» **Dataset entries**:
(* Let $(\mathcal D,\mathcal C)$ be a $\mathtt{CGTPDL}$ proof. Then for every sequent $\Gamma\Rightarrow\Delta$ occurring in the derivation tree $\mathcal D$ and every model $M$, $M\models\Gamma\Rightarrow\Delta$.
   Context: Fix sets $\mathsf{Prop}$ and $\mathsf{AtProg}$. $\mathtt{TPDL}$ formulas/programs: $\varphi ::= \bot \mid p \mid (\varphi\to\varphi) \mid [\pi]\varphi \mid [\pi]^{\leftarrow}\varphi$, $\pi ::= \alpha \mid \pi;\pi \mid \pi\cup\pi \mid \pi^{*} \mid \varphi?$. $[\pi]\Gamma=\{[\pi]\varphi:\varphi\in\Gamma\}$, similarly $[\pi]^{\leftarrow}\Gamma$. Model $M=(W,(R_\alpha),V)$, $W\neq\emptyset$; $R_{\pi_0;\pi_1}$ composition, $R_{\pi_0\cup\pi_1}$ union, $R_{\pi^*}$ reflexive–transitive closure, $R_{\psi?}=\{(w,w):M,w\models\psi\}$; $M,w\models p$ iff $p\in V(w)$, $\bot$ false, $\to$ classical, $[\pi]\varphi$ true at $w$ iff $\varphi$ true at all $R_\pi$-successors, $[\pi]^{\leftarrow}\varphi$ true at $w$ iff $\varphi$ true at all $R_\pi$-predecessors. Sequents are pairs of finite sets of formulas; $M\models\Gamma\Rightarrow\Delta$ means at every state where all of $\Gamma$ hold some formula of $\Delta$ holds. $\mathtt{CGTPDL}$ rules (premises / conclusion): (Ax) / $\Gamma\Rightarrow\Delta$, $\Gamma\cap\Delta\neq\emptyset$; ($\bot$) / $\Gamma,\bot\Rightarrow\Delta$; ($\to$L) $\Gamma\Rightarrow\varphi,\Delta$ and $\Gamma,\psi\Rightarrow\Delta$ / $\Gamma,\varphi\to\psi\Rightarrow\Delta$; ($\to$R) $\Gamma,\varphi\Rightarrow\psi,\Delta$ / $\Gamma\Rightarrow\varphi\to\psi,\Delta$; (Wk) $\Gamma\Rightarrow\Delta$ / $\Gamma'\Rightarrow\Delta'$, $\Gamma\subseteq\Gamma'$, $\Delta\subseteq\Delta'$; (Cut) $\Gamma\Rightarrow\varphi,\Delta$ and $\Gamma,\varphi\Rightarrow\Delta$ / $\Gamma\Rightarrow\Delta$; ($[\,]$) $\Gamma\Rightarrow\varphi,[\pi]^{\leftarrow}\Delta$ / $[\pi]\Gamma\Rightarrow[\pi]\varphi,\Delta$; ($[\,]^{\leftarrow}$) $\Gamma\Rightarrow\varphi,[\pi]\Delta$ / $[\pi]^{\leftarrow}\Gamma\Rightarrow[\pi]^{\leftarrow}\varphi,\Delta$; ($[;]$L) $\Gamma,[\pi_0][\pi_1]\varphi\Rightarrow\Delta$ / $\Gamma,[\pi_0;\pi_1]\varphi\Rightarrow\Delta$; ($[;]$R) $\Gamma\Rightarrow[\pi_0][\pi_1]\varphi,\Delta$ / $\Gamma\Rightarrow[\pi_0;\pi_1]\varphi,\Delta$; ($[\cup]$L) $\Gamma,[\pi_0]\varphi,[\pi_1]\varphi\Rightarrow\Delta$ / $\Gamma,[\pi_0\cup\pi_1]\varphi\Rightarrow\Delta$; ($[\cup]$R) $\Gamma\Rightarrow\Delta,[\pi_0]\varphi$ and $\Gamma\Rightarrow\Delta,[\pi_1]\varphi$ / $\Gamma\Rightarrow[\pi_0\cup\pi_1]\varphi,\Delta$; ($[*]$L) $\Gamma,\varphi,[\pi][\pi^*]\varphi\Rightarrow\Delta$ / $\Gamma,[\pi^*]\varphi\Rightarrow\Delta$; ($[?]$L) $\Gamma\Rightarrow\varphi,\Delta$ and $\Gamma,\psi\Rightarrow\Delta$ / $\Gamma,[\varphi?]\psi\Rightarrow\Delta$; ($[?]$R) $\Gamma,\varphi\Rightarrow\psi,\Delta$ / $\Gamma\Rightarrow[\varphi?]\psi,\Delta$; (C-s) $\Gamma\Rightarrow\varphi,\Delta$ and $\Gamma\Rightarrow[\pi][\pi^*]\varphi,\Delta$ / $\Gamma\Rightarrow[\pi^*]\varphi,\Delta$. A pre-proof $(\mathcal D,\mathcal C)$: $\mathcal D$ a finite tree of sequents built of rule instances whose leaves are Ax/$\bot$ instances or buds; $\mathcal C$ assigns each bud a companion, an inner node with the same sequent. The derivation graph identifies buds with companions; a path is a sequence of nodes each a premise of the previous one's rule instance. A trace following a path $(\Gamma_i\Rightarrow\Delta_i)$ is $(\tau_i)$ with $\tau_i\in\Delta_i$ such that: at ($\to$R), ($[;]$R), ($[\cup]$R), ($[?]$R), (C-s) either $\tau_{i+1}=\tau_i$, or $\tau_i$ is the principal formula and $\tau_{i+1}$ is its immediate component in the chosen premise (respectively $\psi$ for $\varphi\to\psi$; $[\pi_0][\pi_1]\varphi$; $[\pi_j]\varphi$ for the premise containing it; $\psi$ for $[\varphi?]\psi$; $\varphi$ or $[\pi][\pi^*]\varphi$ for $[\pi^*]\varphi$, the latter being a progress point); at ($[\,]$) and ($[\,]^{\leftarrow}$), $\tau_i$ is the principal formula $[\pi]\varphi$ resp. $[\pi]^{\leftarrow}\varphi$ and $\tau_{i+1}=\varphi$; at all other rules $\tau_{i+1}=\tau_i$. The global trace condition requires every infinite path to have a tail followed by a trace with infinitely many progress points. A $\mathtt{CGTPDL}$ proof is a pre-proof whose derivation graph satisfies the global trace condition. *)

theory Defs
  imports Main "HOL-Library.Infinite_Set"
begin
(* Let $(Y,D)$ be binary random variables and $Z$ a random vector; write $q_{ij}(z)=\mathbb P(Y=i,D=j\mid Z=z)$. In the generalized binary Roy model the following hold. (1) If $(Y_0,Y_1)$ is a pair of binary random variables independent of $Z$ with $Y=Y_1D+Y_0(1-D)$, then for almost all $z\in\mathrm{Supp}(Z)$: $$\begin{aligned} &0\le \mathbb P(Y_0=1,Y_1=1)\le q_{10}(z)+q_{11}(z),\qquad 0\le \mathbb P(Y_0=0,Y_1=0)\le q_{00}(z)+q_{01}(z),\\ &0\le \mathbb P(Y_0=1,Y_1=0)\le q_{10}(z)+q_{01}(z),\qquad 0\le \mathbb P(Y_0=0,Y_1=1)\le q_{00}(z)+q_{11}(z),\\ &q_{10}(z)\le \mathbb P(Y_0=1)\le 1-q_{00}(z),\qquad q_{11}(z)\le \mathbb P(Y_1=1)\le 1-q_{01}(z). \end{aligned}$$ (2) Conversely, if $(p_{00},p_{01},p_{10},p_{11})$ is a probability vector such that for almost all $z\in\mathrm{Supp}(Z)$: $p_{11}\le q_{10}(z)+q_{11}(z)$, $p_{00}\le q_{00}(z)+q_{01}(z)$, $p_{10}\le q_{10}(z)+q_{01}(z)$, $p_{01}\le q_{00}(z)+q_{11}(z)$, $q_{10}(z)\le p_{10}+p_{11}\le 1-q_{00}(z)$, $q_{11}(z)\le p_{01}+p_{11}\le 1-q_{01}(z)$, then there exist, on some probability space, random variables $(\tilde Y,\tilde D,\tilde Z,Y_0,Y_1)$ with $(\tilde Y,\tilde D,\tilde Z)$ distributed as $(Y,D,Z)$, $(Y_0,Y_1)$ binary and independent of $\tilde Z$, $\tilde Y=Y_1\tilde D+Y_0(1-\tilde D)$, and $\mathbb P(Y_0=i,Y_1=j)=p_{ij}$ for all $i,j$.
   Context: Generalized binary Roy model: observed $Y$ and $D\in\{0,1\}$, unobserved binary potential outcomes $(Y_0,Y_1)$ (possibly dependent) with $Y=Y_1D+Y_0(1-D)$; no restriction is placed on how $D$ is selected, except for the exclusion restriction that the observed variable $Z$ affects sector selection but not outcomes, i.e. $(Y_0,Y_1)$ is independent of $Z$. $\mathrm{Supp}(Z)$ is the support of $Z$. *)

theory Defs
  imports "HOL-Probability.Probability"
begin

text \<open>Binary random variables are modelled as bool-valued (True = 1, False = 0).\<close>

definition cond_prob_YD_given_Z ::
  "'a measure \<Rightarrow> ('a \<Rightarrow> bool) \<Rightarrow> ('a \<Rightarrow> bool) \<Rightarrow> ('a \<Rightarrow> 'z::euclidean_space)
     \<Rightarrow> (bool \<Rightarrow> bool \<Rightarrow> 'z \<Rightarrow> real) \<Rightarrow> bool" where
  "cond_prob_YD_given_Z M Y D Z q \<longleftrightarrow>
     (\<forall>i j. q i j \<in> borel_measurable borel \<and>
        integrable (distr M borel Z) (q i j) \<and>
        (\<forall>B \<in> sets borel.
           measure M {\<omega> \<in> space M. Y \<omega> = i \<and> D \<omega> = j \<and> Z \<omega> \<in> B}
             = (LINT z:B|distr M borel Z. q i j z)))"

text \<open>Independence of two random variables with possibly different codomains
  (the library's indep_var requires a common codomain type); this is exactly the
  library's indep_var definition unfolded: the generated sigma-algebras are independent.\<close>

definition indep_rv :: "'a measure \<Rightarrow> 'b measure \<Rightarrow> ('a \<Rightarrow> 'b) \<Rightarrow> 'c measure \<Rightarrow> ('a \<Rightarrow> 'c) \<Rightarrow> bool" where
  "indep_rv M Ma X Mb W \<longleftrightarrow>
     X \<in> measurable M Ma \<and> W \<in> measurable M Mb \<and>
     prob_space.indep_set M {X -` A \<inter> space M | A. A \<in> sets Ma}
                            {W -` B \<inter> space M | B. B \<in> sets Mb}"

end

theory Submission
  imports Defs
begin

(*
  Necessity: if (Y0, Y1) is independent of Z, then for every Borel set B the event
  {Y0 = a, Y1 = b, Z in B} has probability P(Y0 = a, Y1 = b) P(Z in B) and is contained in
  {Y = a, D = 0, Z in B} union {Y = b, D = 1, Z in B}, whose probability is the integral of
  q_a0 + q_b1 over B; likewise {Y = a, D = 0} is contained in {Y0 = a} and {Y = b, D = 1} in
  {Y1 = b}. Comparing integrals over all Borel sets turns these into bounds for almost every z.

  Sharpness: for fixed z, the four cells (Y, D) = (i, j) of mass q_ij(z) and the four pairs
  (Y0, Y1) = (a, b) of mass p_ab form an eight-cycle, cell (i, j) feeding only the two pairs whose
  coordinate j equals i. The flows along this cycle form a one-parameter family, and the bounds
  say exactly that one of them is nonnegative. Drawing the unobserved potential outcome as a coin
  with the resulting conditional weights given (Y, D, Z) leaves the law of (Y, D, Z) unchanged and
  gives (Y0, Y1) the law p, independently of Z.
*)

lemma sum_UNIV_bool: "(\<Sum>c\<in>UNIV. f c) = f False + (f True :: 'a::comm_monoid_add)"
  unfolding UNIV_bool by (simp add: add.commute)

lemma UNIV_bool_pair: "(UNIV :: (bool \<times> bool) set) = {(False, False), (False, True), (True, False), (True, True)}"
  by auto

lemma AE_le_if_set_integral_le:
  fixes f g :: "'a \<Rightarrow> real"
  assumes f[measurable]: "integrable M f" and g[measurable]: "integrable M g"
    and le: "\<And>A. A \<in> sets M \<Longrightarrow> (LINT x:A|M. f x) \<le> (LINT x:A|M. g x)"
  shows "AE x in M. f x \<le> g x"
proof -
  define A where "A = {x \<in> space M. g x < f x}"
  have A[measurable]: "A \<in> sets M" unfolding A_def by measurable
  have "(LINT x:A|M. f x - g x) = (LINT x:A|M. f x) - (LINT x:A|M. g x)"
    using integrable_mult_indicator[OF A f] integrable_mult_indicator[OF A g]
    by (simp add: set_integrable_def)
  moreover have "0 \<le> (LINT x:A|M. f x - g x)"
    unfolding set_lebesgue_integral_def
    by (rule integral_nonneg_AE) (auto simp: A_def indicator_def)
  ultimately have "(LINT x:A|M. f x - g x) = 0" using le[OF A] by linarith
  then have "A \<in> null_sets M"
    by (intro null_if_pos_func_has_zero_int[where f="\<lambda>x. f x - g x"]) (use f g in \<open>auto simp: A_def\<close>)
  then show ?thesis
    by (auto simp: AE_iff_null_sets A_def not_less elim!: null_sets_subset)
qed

» **What the task requires**: Pull every line containing "auto" from the data.

» **Exercise result**:
  by auto
    by (rule integral_nonneg_AE) (auto simp: A_def indicator_def)
    by (intro null_if_pos_func_has_zero_int[where f="\<lambda>x. f x - g x"]) (use f g in \<open>auto simp: A_def\<close>)
    by (auto simp: AE_iff_null_sets A_def not_less elim!: null_sets_subset)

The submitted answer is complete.